Storagenode had corrupted data in over 400 blocks on the hard-drive storage

I’ve spent over a week battling with this.
To top the previous issue, somehow, the storagenode had corrupted data in over 400 blocks on the hard-drive storage resides on. I’ve went over them manually, trying to recover data, but I am at a point of giving up. I have the node up and running, but there are so many

2019-12-31T07:04:38.713Z        INFO    piecestore      download started        {"Piece ID": "TDTVFDGCRPISDAYVQACCNIDATFMXWHRD4HZPHL5OMCMBJRM23UWA", "Satellite ID": "118UWpMCHzs6CvSgWd9BfFVjw5K9pZbJjkfZJexMtSkmKxvvAW", "Action": "GET"}
2019-12-31T07:04:38.715Z        INFO    piecestore      download failed {"Piece ID": "TDTVFDGCRPISDAYVQACCNIDATFMXWHRD4HZPHL5OMCMBJRM23UWA", "Satellite ID": "118UWpMCHzs6CvSgWd9BfFVjw5K9pZbJjkfZJexMtSkmKxvvAW", "Action": "GET", "error": "file does not exist"}

errors that I’m not sure about the data anymore.
Also, this issue has resulted in approximately 25% uptime on this node and I’m not sure what the consequences would be.

Anyhow, what course of action would you suggest with regards to the node and its data?

This should probably be a different topic. (Edit: Thanks @Alexey!)
I don’t think uptime is what you should be worried about.
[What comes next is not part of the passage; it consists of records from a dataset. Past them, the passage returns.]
(* There exists $\alpha\in(0,1)$ such that $\tilde\zeta(\upsilon)<\alpha<1$ for all $\upsilon\in(0,1)$, where $\tilde\zeta(\upsilon):=\sup_{j\ge1}\zeta_1(\upsilon^j)$.
   Context: The function $\zeta_1$ on $(0,1)$ is $\zeta_1(\upsilon)=\frac{1}{8\log^3\upsilon}\big(9-12\upsilon^2+3\upsilon^4+4\log\upsilon(3+\log^2\upsilon)+\sqrt{R(\upsilon)}\big)$, with $R(\upsilon)=225-504\upsilon^2+342\upsilon^4-72\upsilon^6+9\upsilon^8+(360-288\upsilon^2-72\upsilon^4)\log\upsilon+144\log^2\upsilon+(-120+96\upsilon^2+24\upsilon^4)\log^3\upsilon-96\log^4\upsilon+16\log^6\upsilon$. *)

theory Defs
  imports "HOL-Analysis.Analysis"
begin

definition R_fun :: "real \<Rightarrow> real" where
  "R_fun u = 225 - 504*u^2 + 342*u^4 - 72*u^6 + 9*u^8
     + (360 - 288*u^2 - 72*u^4) * ln u + 144 * (ln u)^2
     + (-120 + 96*u^2 + 24*u^4) * (ln u)^3 - 96 * (ln u)^4 + 16 * (ln u)^6"

definition zeta1 :: "real \<Rightarrow> real" where
  "zeta1 u = (1 / (8 * (ln u)^3)) *
     (9 - 12*u^2 + 3*u^4 + 4 * ln u * (3 + (ln u)^2) + sqrt (R_fun u))"

definition zeta_tilde :: "real \<Rightarrow> real" where
  "zeta_tilde u = (SUP j\<in>{1::nat..}. zeta1 (u ^ j))"

end

theory Submission
  imports Defs "HOL-Computational_Algebra.Polynomial"
begin

text \<open>
  Because ln u < 0, the bound zeta1 u \<le> 3/4 is equivalent to 6 (ln u)^3 - A \<le> sqrt (R_fun u),
  where A is the rest of the numerator. With x = - ln u, the difference R_fun u - (6 (ln u)^3 - A)^2
  is 12 times the exponential polynomial p(x) + q(x) e^(-2x) + r(x) e^(-4x). An exponential
  polynomial F is nonnegative on [0, \<infinity>) as soon as F(0) \<ge> 0 and F' - c F \<ge> 0 there, because then
  e^(-ct) F(t) is nondecreasing; six such steps lead to an exponential polynomial with nonnegative
  coefficients. Hence zeta1 (u^j) \<le> 3/4 for all j, and \<alpha> = 4/5 works.
\<close>

definition exp_poly :: "(real poly \<times> real) list \<Rightarrow> real \<Rightarrow> real" where
  "exp_poly ps t = (\<Sum>(p, a)\<leftarrow>ps. poly p t * exp (a * t))"

definition exp_poly_shift_deriv :: "real \<Rightarrow> (real poly \<times> real) list \<Rightarrow> (real poly \<times> real) list" where
  "exp_poly_shift_deriv c ps = map (\<lambda>(p, a). (pderiv p + smult (a - c) p, a)) ps"

lemma has_real_derivative_exp_poly:
  "(exp_poly ps has_real_derivative exp_poly (exp_poly_shift_deriv c ps) t + c * exp_poly ps t) (at t)"
proof (induction ps)
  case Nil
  then show ?case by (simp add: exp_poly_def exp_poly_shift_deriv_def)
next
  case (Cons pa ps)
  obtain p a where pa: "pa = (p, a)" by fastforce
  have "((\<lambda>t. poly p t * exp (a * t)) has_real_derivative
          poly (pderiv p + smult (a - c) p) t * exp (a * t) + c * (poly p t * exp (a * t))) (at t)"
    by (auto intro!: derivative_eq_intros simp: algebra_simps)
  from DERIV_add[OF this Cons.IH] show ?case
    by (simp add: pa exp_poly_def exp_poly_shift_deriv_def algebra_simps)
qed

lemma nonneg_if_shifted_derivative_nonneg:
  fixes F F' :: "real \<Rightarrow> real"
  assumes deriv: "\<And>t. 0 \<le> t \<Longrightarrow> (F has_real_derivative F' t) (at t)"
    and shifted_nonneg: "\<And>t. 0 \<le> t \<Longrightarrow> c * F t \<le> F' t"
    and "0 \<le> F 0" "0 \<le> t"
  shows "0 \<le> F t"
proof -
  define G where "G t = exp (- c * t) * F t" for t
  have "(G has_real_derivative exp (- c * t) * (F' t - c * F t)) (at t)" if "0 \<le> t" for t
    unfolding G_def using deriv[OF that]
    by (auto intro!: derivative_eq_intros simp: algebra_simps)
  moreover have "0 \<le> exp (- c * t) * (F' t - c * F t)" if "0 \<le> t" for t
    using shifted_nonneg[OF that] by simp
  ultimately have "G 0 \<le> G t"
    using DERIV_nonneg_imp_nondecreasing[OF \<open>0 \<le> t\<close>] by blast
  then have "0 \<le> exp (- c * t) * F t"
    using \<open>0 \<le> F 0\<close> by (simp add: G_def)
  then show ?thesis by (simp add: zero_le_mult_iff)
qed

lemma poly_nonneg_if_coeffs_nonneg:
  fixes p :: "real poly"
  assumes "\<forall>x\<in>set (coeffs p). 0 \<le> x" "0 \<le> t"
  shows "0 \<le> poly p t"
proof (cases "p = 0")
  case False
  then have "0 \<le> coeff p i" if "i \<le> degree p" for i
    using assms(1) coeff_in_coeffs[OF False that] by blast
  then show ?thesis
    unfolding poly_altdef using \<open>0 \<le> t\<close> by (intro sum_nonneg) simp
qed simp

fun exp_poly_certificate :: "real list \<Rightarrow> (real poly \<times> real) list \<Rightarrow> bool" where
  "exp_poly_certificate [] ps \<longleftrightarrow> (\<forall>(p, a)\<in>set ps. \<forall>x\<in>set (coeffs p). 0 \<le> x)"
| "exp_poly_certificate (c # cs) ps \<longleftrightarrow>
     0 \<le> exp_poly ps 0 \<and> exp_poly_certificate cs (exp_poly_shift_deriv c ps)"

lemma exp_poly_nonneg_if_certificate:
  assumes "exp_poly_certificate cs ps" "0 \<le> t"
  shows "0 \<le> exp_poly ps t"
  using assms
proof (induction cs arbitrary: ps t)
  case Nil
  then have "0 \<le> poly p t * exp (a * t)" if "(p, a) \<in> set ps" for p a
  proof -
    have "\<forall>x\<in>set (coeffs p). 0 \<le> x" using Nil.prems(1) that by fastforce
    with \<open>0 \<le> t\<close> show ?thesis by (simp add: poly_nonneg_if_coeffs_nonneg)
  qed
  then show ?case
    unfolding exp_poly_def by (intro sum_list_nonneg) auto
next
  case (Cons c cs)
  show ?case
  proof (rule nonneg_if_shifted_derivative_nonneg[OF has_real_derivative_exp_poly])
    fix s :: real assume "0 \<le> s"
    then show "c * exp_poly ps s \<le> exp_poly (exp_poly_shift_deriv c ps) s + c * exp_poly ps s"
      using Cons by simp
  qed (use Cons in auto)
qed

lemma zeta1_gap_exp_poly_nonneg:
  fixes x :: real
  assumes "0 \<le> x"
  shows "0 \<le> (12 - 12*x + 7*x^3 - 4*x^4 + x^6) + (-24 - 4*x^3) * exp (-2*x)
              + (12 + 12*x - 3*x^3) * exp (-4*x)"
proof -
  define ps :: "(real poly \<times> real) list" where
    "ps = [([:12, -12, 0, 7, -4, 0, 1:], 0), ([:-24, 0, 0, -4:], -2), ([:12, 12, 0, -3:], -4)]"
  have "exp_poly_certificate [-4, -4, -4, -4, -2, 0] ps"
    by (simp add: ps_def exp_poly_def exp_poly_shift_deriv_def pderiv_pCons)
  then have "0 \<le> exp_poly ps x"
    using assms by (rule exp_poly_nonneg_if_certificate)
  then show ?thesis
    by (simp add: ps_def exp_poly_def eval_nat_numeral algebra_simps)
qed

lemma R_fun_ge_square:
  fixes u :: real
  assumes "0 < u" "u < 1"
  shows "(6 * (ln u)^3 - (9 - 12*u^2 + 3*u^4 + 4 * ln u * (3 + (ln u)^2)))^2 \<le> R_fun u"
proof -
  define x where "x = - ln u"
  define B where "B = 6 * (ln u)^3 - (9 - 12*u^2 + 3*u^4 + 4 * ln u * (3 + (ln u)^2))"
  define G where "G = (12 - 12*x + 7*x^3 - 4*x^4 + x^6) + (-24 - 4*x^3) * exp (-2*x)
                      + (12 + 12*x - 3*x^3) * exp (-4*x)"
  have "0 \<le> G"
    unfolding G_def using assms by (intro zeta1_gap_exp_poly_nonneg) (simp add: x_def)
  have "exp (-x) = u" using assms by (simp add: x_def)
  then have exp_x: "exp (-2*x) = u^2" "exp (-4*x) = u^4"
    using exp_of_nat_mult[of 2 "-x"] exp_of_nat_mult[of 4 "-x"] by simp_all
  have "R_fun u - B^2 = 12 * G"
    unfolding G_def exp_x unfolding B_def R_fun_def x_def by algebra
  with \<open>0 \<le> G\<close> show ?thesis
    unfolding B_def[symmetric] by linarith
qed

lemma zeta1_le_three_quarters:
  fixes u :: real
  assumes "0 < u" "u < 1"
  shows "zeta1 u \<le> 3/4"
proof -
  define A where "A = 9 - 12*u^2 + 3*u^4 + 4 * ln u * (3 + (ln u)^2)"
  have "ln u < 0" using assms by simp
  have "6 * (ln u)^3 - A \<le> sqrt (R_fun u)"
    using real_le_rsqrt[OF R_fun_ge_square[OF assms]] by (simp add: A_def)
  moreover have "1 / (8 * (ln u)^3) \<le> 0"
    using \<open>ln u < 0\<close> by (simp add: divide_nonpos_neg power_less_zero_eq)
  ultimately have "zeta1 u \<le> (1 / (8 * (ln u)^3)) * (6 * (ln u)^3)"
    unfolding zeta1_def A_def[symmetric] by (intro mult_left_mono_neg) simp_all
  also have "\<dots> = 3/4" using \<open>ln u < 0\<close> by simp
  finally show ?thesis .
qed

theorem lemma4p9:
  shows "\<exists>\<alpha>::real. 0 < \<alpha> \<and> \<alpha> < 1 \<and>
           (\<forall>u::real. 0 < u \<and> u < 1 \<longrightarrow>
              bdd_above ((\<lambda>j. zeta1 (u ^ j)) ` {1::nat..}) \<and> zeta_tilde u < \<alpha>)"
proof (intro exI[of _ "4/5"] conjI allI impI)
  fix u :: real
  assume u: "0 < u \<and> u < 1"
  have bound: "zeta1 (u ^ j) \<le> 3/4" if "j \<in> {1::nat..}" for j
    using u that by (intro zeta1_le_three_quarters) (simp_all add: power_less_one_iff)
  then show "bdd_above ((\<lambda>j. zeta1 (u ^ j)) ` {1::nat..})"
    by (intro bdd_aboveI2)
  have "zeta_tilde u \<le> 3/4"
    unfolding zeta_tilde_def by (rule cSUP_least) (use bound in auto)
  then show "zeta_tilde u < 4/5" by simp
qed simp_all

end
text \<open>
  With q = p \<bullet> w x, D = vbar^2 - |w x|^2 and N = |p|^2 the integrand is
  f = (sqrt (q^2 + D N) - q) / D, so by the chain rule its second derivative is an explicit
  expression in q, D, N, their first variations in the two directions and their mixed second
  variation. Cauchy-Schwarz and the bounds on w, w_x, w_xx bound each of these. The hypothesis
  c0 \<le> vbar / sqrt 5 is what gives |w| \<le> vl/2 and vl^2 \<le> D \<le> 5/4 vl^2, hence
  vl |p| \<le> sqrt (q^2 + D N) \<le> 5/4 vl |p|. Estimating the four terms produced by the quotient
  rule separately and adding up gives the constants 14, 4, 7 and 4.
\<close>

definition root_quot :: "real \<Rightarrow> real \<Rightarrow> real \<Rightarrow> real" where
  "root_quot q D N = (- q + sqrt (q^2 + D * N)) / D"

text \<open>Suffixes h and k mark first variations in two directions, hk the mixed second variation.\<close>

definition root_quot_deriv :: "real \<Rightarrow> real \<Rightarrow> real \<Rightarrow> real \<Rightarrow> real \<Rightarrow> real \<Rightarrow> real" where
  "root_quot_deriv q qh D Dh N Nh =
     (let S = sqrt (q^2 + D * N)
      in ((2*q*qh + Dh*N + D*Nh) / (2*S) - qh) / D - (S - q) * Dh / D^2)"

definition root_quot_deriv2 ::
    "real \<Rightarrow> real \<Rightarrow> real \<Rightarrow> real \<Rightarrow> real \<Rightarrow> real \<Rightarrow> real \<Rightarrow> real \<Rightarrow> real \<Rightarrow> real \<Rightarrow> real \<Rightarrow> real \<Rightarrow> real" where
  "root_quot_deriv2 q qh qk qhk D Dh Dk Dhk N Nh Nk Nhk =
     (let S = sqrt (q^2 + D * N);
          Ph = 2*q*qh + Dh*N + D*Nh;
          Pk = 2*q*qk + Dk*N + D*Nk;
          Phk = 2*qk*qh + 2*q*qhk + Dhk*N + Dh*Nk + Dk*Nh + D*Nhk;
          Sh = Ph / (2*S);
          Sk = Pk / (2*S);
          Shk = Phk / (2*S) - Ph * Pk / (4 * S^3)
      in (Shk - qhk) / D - (Sh - qh) * Dk / D^2 - ((Sk - qk) * Dh + (S - q) * Dhk) / D^2
         + 2 * (S - q) * Dh * Dk / D^3)"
First would be to find out why the data got corrupted in the first place. It may just be a dying hdd. Even if you’ve managed to rescue the remaining data, your node will likely keep failing audits until it’s disqualified.
What to do next really depends on the damage. You can try to keep it alive long enough to eventually attempt a graceful exit or start over now. Keep a close eye on your audit scores (not the percentages on the dashboard). You can use the Storage node dashboard API or the Earnings calculator (Update 2019-12-20: v8.1.0 - Now with Uptime and Audit scores, Vetting progress and DQ indication!) . The latter was updated to display this info as well.

1 Like

I’ve tested the hard-drive extensively before attempting to rectify the information (which took a couple of days), so it was not only by reading the smart data. In conclusion, all seems well. As for the reason for the failure - I am at an absolute loss. There have been no interruptions except for one graceful shutdown for an update to a new version without a node reboot.

As for the node itself - I’ve automated a collection of audit reports for the past few hours and I’ll keep collecting data for at least one more day before I check how the node pro-/regresses.
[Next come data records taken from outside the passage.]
lemma interlacing_split_if_signs:
  assumes "0 \<le> poly f \<beta>4" "poly f \<beta>3 \<le> 0" "0 \<le> poly f \<beta>2" "poly f \<beta>1 \<le> 0"
  obtains rs where "interlacing rs [\<beta>4, \<beta>3, \<beta>2, \<beta>1]" and "f = (\<Prod>r\<leftarrow>rs. [:-r, 1:])"
proof -
  obtain x0 where "x0 \<le> \<beta>4 - 1" "poly f x0 < 0"
    using poly_neg_below_if_pderiv_ge_1 pderiv_ge_1_outside by blast
  obtain x1 where "\<beta>1 + 1 \<le> x1" "0 < poly f x1"
    using poly_pos_above_if_pderiv_ge_1 pderiv_ge_1_outside by blast
  note signs = assms \<open>poly f x0 < 0\<close> \<open>0 < poly f x1\<close>
  obtain r5 where "x0 \<le> r5" "r5 \<le> \<beta>4" "poly f r5 = 0"
    by (rule poly_root_between[of x0 \<beta>4 f])
      (use signs \<open>x0 \<le> \<beta>4 - 1\<close> in \<open>auto simp: mult_le_0_iff\<close>)
  obtain r4 where "\<beta>4 \<le> r4" "r4 \<le> \<beta>3" "poly f r4 = 0"
    by (rule poly_root_between[of \<beta>4 \<beta>3 f])
      (use signs critical_sorted in \<open>auto simp: mult_le_0_iff\<close>)
  obtain r3 where "\<beta>3 \<le> r3" "r3 \<le> \<beta>2" "poly f r3 = 0"
    by (rule poly_root_between[of \<beta>3 \<beta>2 f])
      (use signs critical_sorted in \<open>auto simp: mult_le_0_iff\<close>)
  obtain r2 where "\<beta>2 \<le> r2" "r2 \<le> \<beta>1" "poly f r2 = 0"
    by (rule poly_root_between[of \<beta>2 \<beta>1 f])
      (use signs critical_sorted in \<open>auto simp: mult_le_0_iff\<close>)
  obtain r1 where "\<beta>1 \<le> r1" "r1 \<le> x1" "poly f r1 = 0"
    by (rule poly_root_between[of \<beta>1 x1 f])
      (use signs \<open>\<beta>1 + 1 \<le> x1\<close> in \<open>auto simp: mult_le_0_iff\<close>)
  have il: "interlacing [r5, r4, r3, r2, r1] [\<beta>4, \<beta>3, \<beta>2, \<beta>1]"
    using \<open>r5 \<le> \<beta>4\<close> \<open>\<beta>4 \<le> r4\<close> \<open>r4 \<le> \<beta>3\<close> \<open>\<beta>3 \<le> r3\<close> \<open>r3 \<le> \<beta>2\<close> \<open>\<beta>2 \<le> r2\<close> \<open>r2 \<le> \<beta>1\<close> \<open>\<beta>1 \<le> r1\<close>
    by simp
  have "f = smult (lead_coeff f) (\<Prod>r\<leftarrow>[r5, r4, r3, r2, r1]. [:-r, 1:])"
    by (rule real_split_if_interlacing_roots[OF il _ pderiv_f])
      (use \<open>poly f r5 = 0\<close> \<open>poly f r4 = 0\<close> \<open>poly f r3 = 0\<close> \<open>poly f r2 = 0\<close> \<open>poly f r1 = 0\<close>
        degree_f in auto)
  with il monic_f show ?thesis by (metis that smult_1_left)
qed

lemma complex_roots_iff:
  "(\<forall>z. poly (map_poly complex_of_real f) z = 0 \<longrightarrow> z \<in> \<real> \<and> P (Re z)) \<longleftrightarrow>
   (\<exists>rs. interlacing rs [\<beta>4, \<beta>3, \<beta>2, \<beta>1] \<and> f = (\<Prod>r\<leftarrow>rs. [:-r, 1:]) \<and> (\<forall>r\<in>set rs. P r))"
proof
  assume roots: "\<forall>z. poly (map_poly complex_of_real f) z = 0 \<longrightarrow> z \<in> \<real> \<and> P (Re z)"
  then obtain rs where "sorted rs" and "f = smult (lead_coeff f) (\<Prod>r\<leftarrow>rs. [:-r, 1:])"
    using real_split_if_complex_roots_real by blast
  hence f: "f = (\<Prod>r\<leftarrow>rs. [:-r, 1:])" using monic_f by simp
  have "interlacing rs [\<beta>4, \<beta>3, \<beta>2, \<beta>1]"
    by (rule interlacing_if_real_split[of f 1 rs, OF _ _ \<open>sorted rs\<close> pderiv_f])
      (use sorted_critical_points in \<open>simp_all add: f\<close>)
  moreover have "\<forall>r\<in>set rs. P r"
    using roots complex_roots_of_real_split[of f 1 rs] f by force
  ultimately show "\<exists>rs. interlacing rs [\<beta>4, \<beta>3, \<beta>2, \<beta>1] \<and> f = (\<Prod>r\<leftarrow>rs. [:-r, 1:]) \<and>
    (\<forall>r\<in>set rs. P r)" using f by blast
next
  assume "\<exists>rs. interlacing rs [\<beta>4, \<beta>3, \<beta>2, \<beta>1] \<and> f = (\<Prod>r\<leftarrow>rs. [:-r, 1:]) \<and>
    (\<forall>r\<in>set rs. P r)"
  then obtain rs where "f = (\<Prod>r\<leftarrow>rs. [:-r, 1:])" "\<forall>r\<in>set rs. P r" by blast
  thus "\<forall>z. poly (map_poly complex_of_real f) z = 0 \<longrightarrow> z \<in> \<real> \<and> P (Re z)"
    using complex_roots_of_real_split[of f 1 rs] by auto
qed

lemma complex_critical_points_iff:
  "(\<forall>z. poly (pderiv (map_poly complex_of_real f)) z = 0 \<longrightarrow> z \<in> \<real> \<and> P (Re z)) \<longleftrightarrow>
   P \<beta>4 \<and> P \<beta>3 \<and> P \<beta>2 \<and> P \<beta>1"
  using complex_roots_of_real_split[OF pderiv_f] by (auto simp: pderiv_map_poly_of_real)

lemma least_root_sign_iff:
  assumes "interlacing rs [\<beta>4, \<beta>3, \<beta>2, \<beta>1]" and f: "f = (\<Prod>r\<leftarrow>rs. [:-r, 1:])"
  shows "(\<forall>r\<in>set rs. 0 \<le> r) \<longleftrightarrow> 0 \<le> \<beta>4 \<and> poly f 0 \<le> 0"
    and "(\<forall>r\<in>set rs. 0 < r) \<longleftrightarrow> 0 < \<beta>4 \<and> poly f 0 < 0"
proof -
  obtain r5 r4 r3 r2 r1 where rs: "rs = [r5, r4, r3, r2, r1]"
    using interlacing_length[OF assms(1)] by (auto simp: numeral_eq_Suc length_Suc_conv)
  have il: "r5 \<le> \<beta>4" "\<beta>4 \<le> r4" "r4 \<le> \<beta>3" "\<beta>3 \<le> r3" "r3 \<le> \<beta>2" "\<beta>2 \<le> r2" "r2 \<le> \<beta>1" "\<beta>1 \<le> r1"
    using assms(1) unfolding rs by auto
  have f0: "poly f 0 = - (r5 * r4 * r3 * r2 * r1)"
    unfolding f rs poly_prod_linear by simp
  have "poly f r5 = 0" unfolding f rs poly_prod_linear by simp
  hence r5: "0 \<le> r5" if "0 \<le> \<beta>4" "poly f 0 \<le> 0"
    using strict_mono_below[of r5 0] that by force
  show "(\<forall>r\<in>set rs. 0 \<le> r) \<longleftrightarrow> 0 \<le> \<beta>4 \<and> poly f 0 \<le> 0"
    using il r5 unfolding f0 rs by (auto simp: zero_le_mult_iff)
  show "(\<forall>r\<in>set rs. 0 < r) \<longleftrightarrow> 0 < \<beta>4 \<and> poly f 0 < 0"
    using il r5 \<open>poly f r5 = 0\<close> unfolding f0 rs by (auto simp: zero_less_mult_iff)
qed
Thanks for your assistance, @BrightSilence and @Alexey!

I don’t think that would even work. Graceful exit requires transferring all pieces to another node. If you’re missing pieces, you can’t gracefully exit.

1 Like

I guess it’ll depend on how big the impact is. I’m sure one missing piece won’t make graceful exit impossible. But a significant amount… yeah that probably can’t be fixed with a graceful exit.

From what I recall reading, this is a satellite-managed process and it will have your node send all pieces to other nodes. If any piece is missing, the exit is not graceful. (One of the engineers can correct me on this point, but I’m fairly certain this is what I’ve read on this forum before.)

Graceful exit is not in my agenda anyway. Right now I am still running the node and as long as it serves pieces, I will keep it. I hope that eventually any blobs that have been “abandoned” by the journal, or however they are kept track of, will get cleaned out and the node will gradually rebuild reputation and fill up with new data… as long as it doesn’t get disqualified.

From what I see, though, more than 50% of the download audits are failing. Repair downloads are at a 0% success rate, while uploads are normal (99.4% success with 100% acceptance).

Download failing just a signal of too slow node against competitors, it’s not related to the missed data unless you have the reason for failing as “file not found”.

That is exactly the problem.
Further, normal uploads and upload audits indicate a good node.

The download failed line had this

"Action": "GET", "error": "file does not exist"

Ooops. Then it doesn’t looks good. How your score @fragamemnon ?

I’m kind of surprised that’s an INFO line and not an ERROR line though.

There are errors too.

2020-01-01T14:53:22.990Z        INFO    piecestore      download failed {"Piece ID": "HVREJGXXJ2KOM2HWVIUAGBQH57TS4PDTYCPR6DLZ2KZDVGCVETNQ", "Satellite ID": "12EayRS2V1kEsWESU9QMRseFhdxYxKicsiFmxrsLZHeLUtdps3S", "Action": "GET", "error": "file does not exist"}
2020-01-01T14:53:22.990Z        ERROR   server  gRPC stream error response      {"error": "file does not exist"}

@Alexey my scores are 0.59, 0.59, 0.67 and 0.6 for the 4 satellites.

looks like you may be disqualified alredy

Looks like one or maybe 2 are still going, but most likely not for much longer. You get disqualified when below 0.6.

Well, that’s fantastic, there go all the months since v3 launch.

What course of action would you guys suggest I take?

i think there is only posible to make new node, but you will loose escro anyway.

i my opinion Storj should read all posible data from node as soon as it geting disqualification, this will lower posible data loss and money loss to recover this data.
As i see every day i get repar blocks, this mean that every day someone disqualified and going data repear. Why need to repair data if you can just sendd all posible data from disqualified, and repear only 400 lost bloks from some TB of all data. This function needed last year.

1 Like

I fully agree, but there seems to be an underlying issue, possibly hiding in one more of these 400 blocks. It doesn’t make sense to fail over 50% of all download requests and audits if only a couple of megabytes are corrupted.

As for the escrow - I couldn’t care less. The veto process and lost reputation, however (and also my identity generated with a fancy difficulty), really sadden me.

I know it sucks, but if the files aren’t there any more or got corrupted it’s kind of the only course of action to take while still ensuring data protection on the network.

Honestly I think new nodes gain reputation pretty fast, so I wouldn’t worry about that too much. Vetting will take a month or so though, not much you can do about that.

1 Like